Dataset entries.

(* There exists a universal constant $c>0$ such that for every Boolean function $f:\Omega^\infty\to\Omega$ (not necessarily finitary) with $\delta:=\sup_iI_i(f)>0$, $$I(f)\ge c\,\mathrm{Var}(f)\log\frac1\delta.$$
   Context: Let $\Omega=\{-1,1\}$ and $\Omega^\infty=\{-1,1\}^{\mathbb N}$ with the uniform product probability measure; $\omega$ denotes a uniformly random element. A Boolean function is a measurable map $f:\Omega^\infty\to\Omega$. $\omega^{(k)}$ is $\omega$ with bit $k$ flipped; $I_k(f)=\mathbb P(f(\omega^{(k)})\ne f(\omega))$ and $I(f)=\sum_kI_k(f)$. $\log$ is the natural logarithm. *)

theory Defs
  imports "HOL-Probability.Probability"
begin

text \<open>The infinite cube: coordinates in bool (True ~ 1, False ~ -1), uniform product measure.\<close>
definition cube :: "(nat \<Rightarrow> bool) measure" where
  "cube = PiM (UNIV :: nat set) (\<lambda>_. measure_pmf (bernoulli_pmf (1/2)))"

definition flip :: "nat \<Rightarrow> (nat \<Rightarrow> bool) \<Rightarrow> (nat \<Rightarrow> bool)" where
  "flip k \<omega> = fun_upd \<omega> k (\<not> \<omega> k)"

definition boolean_fun :: "((nat \<Rightarrow> bool) \<Rightarrow> real) \<Rightarrow> bool" where
  "boolean_fun f \<longleftrightarrow> f \<in> borel_measurable cube \<and> (\<forall>\<omega>. f \<omega> \<in> {-1, 1})"

definition influence :: "nat \<Rightarrow> ((nat \<Rightarrow> bool) \<Rightarrow> real) \<Rightarrow> real" where
  "influence k f = measure cube {\<omega> \<in> space cube. f (flip k \<omega>) \<noteq> f \<omega>}"

definition total_influence :: "((nat \<Rightarrow> bool) \<Rightarrow> real) \<Rightarrow> ennreal" where
  "total_influence f = (\<Sum>k. ennreal (influence k f))"

definition Var :: "((nat \<Rightarrow> bool) \<Rightarrow> real) \<Rightarrow> real" where
  "Var f = (\<integral>\<omega>. (f \<omega> - (\<integral>\<eta>. f \<eta> \<partial>cube))\<^sup>2 \<partial>cube)"

end

theory Submission
  imports Defs
begin

(* If f depends only on finitely many coordinates, write f = sum_S c(S) chi_S in the Walsh
   basis. Every nonempty S satisfies 1 <= |S| (1/d + 3^(d - |S|)), hence
     Var f <= sum_k [ (1/d) sum_{S containing k} c(S)^2 + 3^d sum_{S containing k} 3^(-|S|) c(S)^2 ].
   The first inner sum is E[(D_k f)^2] <= I_k. The second is E[D_k f * T(D_k f)] for a noise
   operator T; as D_k f takes values in {-1, 0, 1}, Hoelder's inequality together with Bonami's
   hypercontractive bound ||T g||_4 <= ||g||_2 bounds it by I_k^(3/2) <= I_k sqrt(delta).
   The choice d = ln(1/delta) / (4 ln 3) then gives Var f * ln(1/delta) <= 12 I(f).
   A general f is reached through its conditional expectations given the first n coordinates:
   these depend on finitely many coordinates and converge to f in L^1, by a Dynkin argument
   starting from cylinder sets. *)

section \<open>The uniform measure on the cube\<close>

abbreviation coin :: "bool measure" where
  "coin \<equiv> measure_pmf (bernoulli_pmf (1/2))"

interpretation Cube: sequence_space coin
  by unfold_locales

lemma cube_eq_sequence_space: "cube = Cube.S"
  by (simp add: cube_def)

lemma space_cube [simp]: "space cube = UNIV"
  by (simp add: cube_def space_PiM)

interpretation cube: prob_space cube
  unfolding cube_eq_sequence_space by (rule Cube.P.prob_space_axioms)

lemma measurable_coordinate [measurable]: "(\<lambda>\<omega>. \<omega> i) \<in> measurable cube (count_space UNIV)"
  unfolding cube_def by (rule measurable_compose[OF measurable_component_singleton]) auto

lemma measurable_flip [measurable]: "flip k \<in> measurable cube cube"
proof -
  have coin: "measurable cube coin = measurable cube (count_space UNIV)"
    by (rule measurable_cong_sets) auto
  have "(\<lambda>\<omega>. flip k \<omega> i) \<in> measurable cube coin" for i
    unfolding coin flip_def by simp
  then show ?thesis
    by (subst (2) cube_def, intro measurable_PiM_single') auto
qed

lemma emeasure_coin_vimage_Not: "emeasure coin (Not -` X) = emeasure coin X"
proof -
  have "(\<Sum>b\<in>Not -` X. pmf (bernoulli_pmf (1/2)) b) = (\<Sum>b\<in>X. pmf (bernoulli_pmf (1/2)) b)"
    by (rule sum.reindex_bij_witness[of _ Not Not]) auto
  then show ?thesis by (simp add: emeasure_measure_pmf_finite)
qed

lemma distr_flip_cube: "distr cube cube (flip k) = cube"
  unfolding cube_eq_sequence_space
proof (rule Cube.PiM_eq)
  fix J :: "nat set" and F :: "nat \<Rightarrow> bool set"
  assume J: "finite J" "J \<subseteq> UNIV" "\<And>j. j \<in> J \<Longrightarrow> F j \<in> sets coin"
  let ?F = "\<lambda>j. if j = k then Not -` F j else F j"
  have cylinder: "prod_emb UNIV (\<lambda>_. coin) J (Pi\<^sub>E J G) = {\<omega>. \<forall>i\<in>J. \<omega> i \<in> G i}" for G
    by (auto simp: prod_emb_def PiE_iff)
  have "flip k -` prod_emb UNIV (\<lambda>_. coin) J (Pi\<^sub>E J F) \<inter> space Cube.S
      = prod_emb UNIV (\<lambda>_. coin) J (Pi\<^sub>E J ?F)"
    unfolding cylinder by (auto simp: flip_def space_PiM)
  then have "emeasure (distr Cube.S Cube.S (flip k)) (prod_emb UNIV (\<lambda>_. coin) J (Pi\<^sub>E J F))
      = emeasure Cube.S (prod_emb UNIV (\<lambda>_. coin) J (Pi\<^sub>E J ?F))"
    using measurable_flip[unfolded cube_eq_sequence_space] J by (subst emeasure_distr) auto
  also have "\<dots> = (\<Prod>j\<in>J. emeasure coin (?F j))"
    using J by (intro Cube.emeasure_PiM_emb) auto
  also have "\<dots> = (\<Prod>j\<in>J. emeasure coin (F j))"
    by (rule prod.cong) (auto simp: emeasure_coin_vimage_Not)
  finally show "emeasure (distr Cube.S Cube.S (flip k)) (prod_emb UNIV (\<lambda>_. coin) J (Pi\<^sub>E J F))
      = (\<Prod>j\<in>J. emeasure coin (F j))" .
qed simp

About this exercise. Every line in the records above that contains the word "function" is to be copied out.

Response.
(* There exists a universal constant $c>0$ such that for every Boolean function $f:\Omega^\infty\to\Omega$ (not necessarily finitary) with $\delta:=\sup_iI_i(f)>0$, $$I(f)\ge c\,\mathrm{Var}(f)\log\frac1\delta.$$
   Context: Let $\Omega=\{-1,1\}$ and $\Omega^\infty=\{-1,1\}^{\mathbb N}$ with the uniform product probability measure; $\omega$ denotes a uniformly random element. A Boolean function is a measurable map $f:\Omega^\infty\to\Omega$. $\omega^{(k)}$ is $\omega$ with bit $k$ flipped; $I_k(f)=\mathbb P(f(\omega^{(k)})\ne f(\omega))$ and $I(f)=\sum_kI_k(f)$. $\log$ is the natural logarithm. *)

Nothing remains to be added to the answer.